You can look here also:

http://www.centerfiresystems.com/index.asp?PageAction=VIEWPROD&ProdID=1225


----------



## babs (Nov 30, 2007)

DrPreacher said:


> I have read that there are sights that offer "used" sigs for sale....police trade in, german trades, etc.
> 
> If you have a sight that I could look at please pm or post it for me. I would love a sig, but have limited funds like most of us.
> 
> ...


Actually if you're also looking for more recent used Sigs such as 226's, 229's or 220's, you can also go with a CPO gun (Cert. Pre-Owned) that came back from the factory and comes with some warranty I think from Sig Arms. Can save big dinero verses the price of a new pistol.. I think they have different "grades" also, such as Grade 1 which I think is pretty-near-darn-good condition. :mrgreen: Wouldn't mind one of those myself in any of the larger popular calibers.. Well, 9mm or .45 acp.


----------



## Roshi (Feb 11, 2008)

*Gander Mountain*

Gander Mountains in Texas have the P6/225 on clearance for $ 316. If there is a gander near you maybe you can have them locate one for you.


----------



## jjcool (Jan 28, 2008)

I was considering getting a certified pre owned Sig.
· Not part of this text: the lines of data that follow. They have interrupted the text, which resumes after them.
lemma forces_mono:
  assumes "mono V" and "forces V w \<phi>" and "w \<le> w'"
  shows "forces V w' \<phi>"
  using assms(2,3)
proof (induction \<phi> arbitrary: w w')
  case (Var a)
  then show ?case using mono_valuationD[OF \<open>mono V\<close>] by simp
next
  case (Imp \<phi> \<psi>)
  then show ?case by (auto intro: order_trans)
qed

lemma nd_sound:
  assumes "\<Gamma> \<turnstile> \<phi>" and "mono V" and "\<forall>\<gamma>\<in>\<Gamma>. forces V w \<gamma>"
  shows "forces V w \<phi>"
  using assms(1,3)
proof (induction arbitrary: w rule: nd.induct)
  case (nd_ax \<phi> \<Gamma>)
  then show ?case by blast
next
  case (nd_impI \<phi> \<Gamma> \<psi>)
  show ?case
  proof (simp only: forces.simps, intro allI impI)
    fix w' assume "w \<le> w'" and "forces V w' \<phi>"
    with nd_impI.prems have "\<forall>\<gamma>\<in>insert \<phi> \<Gamma>. forces V w' \<gamma>"
      using forces_mono[OF \<open>mono V\<close>] by blast
    then show "forces V w' \<psi>" by (rule nd_impI.IH)
  qed
next
  case (nd_impE \<Gamma> \<phi> \<psi>)
  then show ?case by fastforce
qed

lemma forces_imps_Var:
  assumes "mono V"
  shows "forces V w (imps (map Var as) \<psi>) \<longleftrightarrow>
    (\<forall>w'\<ge>w. (\<forall>a\<in>set as. V w' a) \<longrightarrow> forces V w' \<psi>)"
proof (induction as arbitrary: w)
  case Nil
  then show ?case using forces_mono[OF assms] by auto
next
  case (Cons a as)
  show ?case
    using mono_valuationD[OF assms] by (auto simp: Cons.IH intro: order_trans)
qed

lemma accepting_mono: "accepting f I q S \<Longrightarrow> S \<subseteq> T \<Longrightarrow> accepting f I q T"
proof (induction arbitrary: T rule: accepting.induct)
  case (acc_final S)
  show ?case by (rule accepting.acc_final)
next
  case (acc_check q S1 S2 p S)
  then have "S1 \<subseteq> T" and "accepting f I p (T \<union> S2)" by blast+
  then show ?case by (rule accepting.acc_check[OF acc_check.hyps(1)])
next
  case (acc_fork q p1 p2 S)
  then show ?case by (meson accepting.acc_fork)
qed

definition acceptance_val :: "'a set \<Rightarrow> 'a \<Rightarrow> 'a instr set \<Rightarrow> 'a set \<Rightarrow> 'a \<Rightarrow> bool" where
  "acceptance_val Q f I T a = (if a \<in> Q then accepting f I a T else a \<in> T)"

lemma mono_acceptance_val: "mono (acceptance_val Q f I)"
  by (auto intro!: monoI le_funI simp: acceptance_val_def accepting_mono)

lemma acceptance_val_state: "q \<in> Q \<Longrightarrow> acceptance_val Q f I T q \<longleftrightarrow> accepting f I q T"
  by (simp add: acceptance_val_def)

lemma acceptance_val_registers:
  assumes "Q \<inter> R = {}" and "S \<subseteq> R" and "finite S"
  shows "(\<forall>a\<in>set (enum_set S). acceptance_val Q f I T a) \<longleftrightarrow> S \<subseteq> T"
  using assms by (auto simp: set_enum_set acceptance_val_def)

lemma forces_instr_formula:
  assumes M: "monotonic_automaton Q R f I" and QR: "Q \<inter> R = {}" and i: "i \<in> I"
  shows "forces (acceptance_val Q f I) T (instr_formula i)"
proof (cases i)
  case (Check q S1 S2 p)
  with M i have states: "q \<in> Q" "p \<in> Q" and regs: "S1 \<subseteq> R" "S2 \<subseteq> R" "finite R"
    unfolding monotonic_automaton_def by auto
  note registers = acceptance_val_registers[OF QR _ finite_subset[OF _ \<open>finite R\<close>]]
  show ?thesis
    unfolding Check instr_formula.simps forces_imps_Var[OF mono_acceptance_val]
  proof (intro allI impI)
    fix T' assume "T \<le> T'" and "\<forall>a\<in>set (enum_set S1). acceptance_val Q f I T' a"
    then have "S1 \<subseteq> T'" using registers regs by blast
    show "forces (acceptance_val Q f I) T' (Imp (imps (map Var (enum_set S2)) (Var p)) (Var q))"
    proof (simp only: forces.simps, intro allI impI)
      fix T'' assume "T' \<le> T''"
        and "forces (acceptance_val Q f I) T'' (imps (map Var (enum_set S2)) (Var p))"
      \<comment> \<open>evaluate the premise at the world \<open>T'' \<union> S2\<close>, where all newly set registers hold\<close>
      then have "accepting f I p (T'' \<union> S2)"
        using registers[OF regs(2) regs(2)] states(2)
        by (auto simp: forces_imps_Var[OF mono_acceptance_val] acceptance_val_state)
      moreover have "S1 \<subseteq> T''" using \<open>S1 \<subseteq> T'\<close> \<open>T' \<le> T''\<close> by blast
      ultimately show "acceptance_val Q f I T'' q"
        using states(1) i Check by (auto simp: acceptance_val_state intro: accepting.acc_check)
    qed
  qed
next
  case (Fork q p1 p2)
  with M i have "q \<in> Q" "p1 \<in> Q" "p2 \<in> Q"
    unfolding monotonic_automaton_def by auto
  with i Fork show ?thesis
    by (auto simp: acceptance_val_state intro: accepting.acc_fork accepting_mono)
qed

lemma accepting_imp_nd:
  assumes "accepting f I q S"
    and fin: "\<forall>q S1 S2 p. Check q S1 S2 p \<in> I \<longrightarrow> finite S1 \<and> finite S2"
    and "Var ` S \<subseteq> \<Gamma>" and "instr_formula ` I \<subseteq> \<Gamma>" and "Var f \<in> \<Gamma>"
  shows "\<Gamma> \<turnstile> Var q"
  using assms(1,3-)
proof (induction arbitrary: \<Gamma> rule: accepting.induct)
  case (acc_final S)
  then show ?case by (simp add: nd_ax)
next
  case (acc_check q S1 S2 p S)
  have "finite S1" "finite S2" using fin acc_check.hyps(1) by blast+
  have "Var ` (S \<union> S2) \<subseteq> set (map Var (enum_set S2)) \<union> \<Gamma>"
    using acc_check.prems(1) set_enum_set[OF \<open>finite S2\<close>] by auto
  then have "set (map Var (enum_set S2)) \<union> \<Gamma> \<turnstile> Var p"
    using acc_check.prems(2,3) by (intro acc_check.IH) auto
  then have premise: "\<Gamma> \<turnstile> imps (map Var (enum_set S2)) (Var p)"
    by (rule nd_impsI)
  have "\<Gamma> \<turnstile> instr_formula (Check q S1 S2 p)"
    using acc_check.hyps(1) acc_check.prems(2) by (blast intro: nd_ax)
  then have "\<Gamma> \<turnstile> imps (map Var (enum_set S1)) (Imp (imps (map Var (enum_set S2)) (Var p)) (Var q))"
    by simp
  moreover have "\<forall>\<phi>\<in>set (map Var (enum_set S1)). \<Gamma> \<turnstile> \<phi>"
    using acc_check.hyps(2) acc_check.prems(1) set_enum_set[OF \<open>finite S1\<close>]
    by (auto intro: nd_ax)
  ultimately have "\<Gamma> \<turnstile> Imp (imps (map Var (enum_set S2)) (Var p)) (Var q)"
    by (rule nd_impsE)
  then show ?case using premise by (rule nd_impE)
next
  case (acc_fork q p1 p2 S)
  have "\<Gamma> \<turnstile> Imp (Var p1) (Imp (Var p2) (Var q))"
    using acc_fork.hyps(1) acc_fork.prems(2) by (metis image_subset_iff instr_formula.simps(2) nd_ax)
  then show ?case using acc_fork.IH acc_fork.prems by (meson nd_impE)
qed

lemma nd_imp_accepting:
  assumes M: "monotonic_automaton Q R f I" and QR: "Q \<inter> R = {}"
    and "q \<in> Q" and "S \<subseteq> R" and "automaton_context f I S \<turnstile> Var q"
  shows "accepting f I q S"
proof -
  have "f \<in> Q" using M by (simp add: monotonic_automaton_def)
  with QR \<open>S \<subseteq> R\<close> have "\<forall>\<gamma>\<in>Var ` (S \<union> {f}). forces (acceptance_val Q f I) S \<gamma>"
    by (auto simp: acceptance_val_def intro: accepting.acc_final)
  then have "\<forall>\<gamma>\<in>automaton_context f I S. forces (acceptance_val Q f I) S \<gamma>"
    using forces_instr_formula[OF M QR] by (auto simp: automaton_context_def)
  then have "forces (acceptance_val Q f I) S (Var q)"
    using nd_sound[OF \<open>automaton_context f I S \<turnstile> Var q\<close> mono_acceptance_val] by blast
  then show ?thesis using \<open>q \<in> Q\<close> by (simp add: acceptance_val_state)
qed

lemma order_imps_le: "\<forall>\<phi>\<in>set \<phi>s. order \<phi> \<le> n \<Longrightarrow> order \<psi> \<le> Suc n \<Longrightarrow> order (imps \<phi>s \<psi>) \<le> Suc n"
  by (induction \<phi>s) auto

lemma order_imps_Var: "order (imps (map Var as) \<psi>) = max (order \<psi>) (if as = [] then 0 else 1)"
  by (induction as) auto

lemma order_instr_formula: "order (instr_formula i) \<le> 2"
  by (cases i) (simp_all add: order_imps_Var)

theorem lemma3p9:
  fixes Q R :: "'a set" and f q0 :: 'a and I :: "'a instr set" and S0 :: "'a set"
  assumes "monotonic_automaton Q R f I"
    and "Q \<inter> R = {}"
    and "q0 \<in> Q" and "S0 \<subseteq> R"
  shows "(accepting f I q0 S0 \<longleftrightarrow> automaton_context f I S0 \<turnstile> Var q0)
       \<and> (\<forall>\<phi> \<in> automaton_context f I S0. order \<phi> \<le> 2)
       \<and> order (imp_set (automaton_context f I S0) (Var q0)) \<le> 3"
proof (intro conjI iffI)
  note M = assms(1)[unfolded monotonic_automaton_def]
  show "automaton_context f I S0 \<turnstile> Var q0" if "accepting f I q0 S0"
  proof (rule accepting_imp_nd[OF that])
    show "\<forall>q S1 S2 p. Check q S1 S2 p \<in> I \<longrightarrow> finite S1 \<and> finite S2"
      using M by (meson finite_subset)
  qed (auto simp: automaton_context_def)
  show "accepting f I q0 S0" if "automaton_context f I S0 \<turnstile> Var q0"
    using nd_imp_accepting[OF assms that] .
  show order_context: "\<forall>\<phi> \<in> automaton_context f I S0. order \<phi> \<le> 2"
    by (auto simp: automaton_context_def order_instr_formula)
  have "finite (automaton_context f I S0)"
    using M assms(4) by (simp add: automaton_context_def finite_subset)
  then have "order (imps (enum_set (automaton_context f I S0)) (Var q0)) \<le> Suc 2"
    by (intro order_imps_le) (use order_context set_enum_set in auto)
  then show "order (imp_set (automaton_context f I S0) (Var q0)) \<le> 3"
    by (simp add: imp_set_def)
qed

end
I calle4d Sig and asked about the warranty. On new handguns, except the Mosquito, there is a limited lifetime warranty. On CPO and the Mosquito, there is only a 1 year warranty. Keep that in mind when considering new vs. pre owned.


----------



## siggar (Mar 15, 2008)

*Gander Mt certified Sigs*

I just purchased two factory certified sigs from Gander Mt. for $529 and $550.

In my opinion, none of the other handguns felt as good in my hand as these two.

Waiting to get my hands on a 250 for concealed carry


----------



## siggar (Mar 15, 2008)

*Re the one year*

If they offered lifetime on the factory certified ones, they would sell less new ones.


----------



## ander254 (Mar 13, 2008)

which models did you get?


----------



## tschmittel (Jun 26, 2007)

I think budsgunshop.com has some used or CPO's at a good price. :smt023


----------



## ander254 (Mar 13, 2008)

i wouldnt mind getting a .357sig but the bullets are too expensive to shoot


----------



## twodogs (Oct 15, 2007)

I just picked up my first sig - P6 - from jgsales. The gun is in decent shape overall - very minor surface rust which cleaned up without issue, and definite holster wear. I paid the extra cash for the "hand select" option that they offer, and I don't think that it was worth it. Based on pics that I have seen elsewhere of used LE P6, the gun was in worse shape that I imagined. Some photos that were posted on other sites from show LE guns coming that look like they are practically new. I assumed that the "hand select" option would provide a nicer gun... I know that it is the luck of the draw buying like that, and the true test will be how it shoots. Ultimately, I really don't care how it looks if it shoots well & is reliable. It was the best I could do at this time... For those thinking of this option, I will post a few pics when I get a chance & let you know how it shoots.


----------